**ASSIGNMENT**
Give the data again exactly, stopping after the "x = \<alpha>))" line.

*** EXERCISE MATERIAL Section Begins ***

theorem lemma6:
  fixes \<alpha> :: "real^'n"
  assumes "\<alpha> \<in> relint_prob_simplex"
  shows "(\<forall>x\<in>prob_simplex. 0 \<le> L_alpha \<alpha> x \<and> (L_alpha \<alpha> x = 0 \<longleftrightarrow> x = \<alpha>))
    \<and> (\<forall>x1\<in>prob_simplex. \<forall>x2\<in>prob_simplex.
          \<bar>L_alpha \<alpha> x1 - L_alpha \<alpha> x2\<bar> \<le> infnorm (x1 - x2) / min_coord \<alpha>)
    \<and> (\<forall>(p :: ('d::finite \<times> 'n) pmf) cmp U T Abar Xbar t D.
          is_FSP p cmp U T Abar Xbar \<and> t \<in> {0<..<T}
          \<and> Abar differentiable (at t) \<and> Xbar differentiable (at t)
          \<and> ((\<lambda>s. L_alpha \<alpha> (Xbar s)) has_real_derivative D) (at t)
          \<longrightarrow> D \<le> 1 / min_coord \<alpha>)"
proof -
  have pos: "\<And>i. 0 < \<alpha> $ i" using assms unfolding relint_prob_simplex_def by auto
  have "D \<le> 1 / min_coord \<alpha>"
    if FSP: "is_FSP p cmp U T Abar Xbar" and t: "t \<in> {0<..<T}"
      and D: "((\<lambda>s. L_alpha \<alpha> (Xbar s)) has_real_derivative D) (at t)"
    for p :: "('d \<times> 'n) pmf" and cmp U T Abar Xbar t D
  proof (rule has_real_derivative_le_of_right_increment_le[OF D])
    fix s assume "t < s" "s < T"
    then have "L_alpha \<alpha> (Xbar s) \<le> L_alpha \<alpha> (Xbar t) + (s - t) / min_coord \<alpha>"
      using t by (intro L_alpha_le_shift pos FSP_decrease_le[OF FSP]) auto
    then show "L_alpha \<alpha> (Xbar s) - L_alpha \<alpha> (Xbar t) \<le> 1 / min_coord \<alpha> * (s - t)" by simp
  qed (use t in auto)
  then show ?thesis
    using L_alpha_nonneg_eq_0_iff[OF assms] L_alpha_lipschitz[OF pos] by blast
qed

*** EXERCISE MATERIAL Section Ends ***

**RESPONSE BOX**
theorem lemma6:
  fixes \<alpha> :: "real^'n"
  assumes "\<alpha> \<in> relint_prob_simplex"
  shows "(\<forall>x\<in>prob_simplex. 0 \<le> L_alpha \<alpha> x \<and> (L_alpha \<alpha> x = 0 \<longleftrightarrow> x = \<alpha>))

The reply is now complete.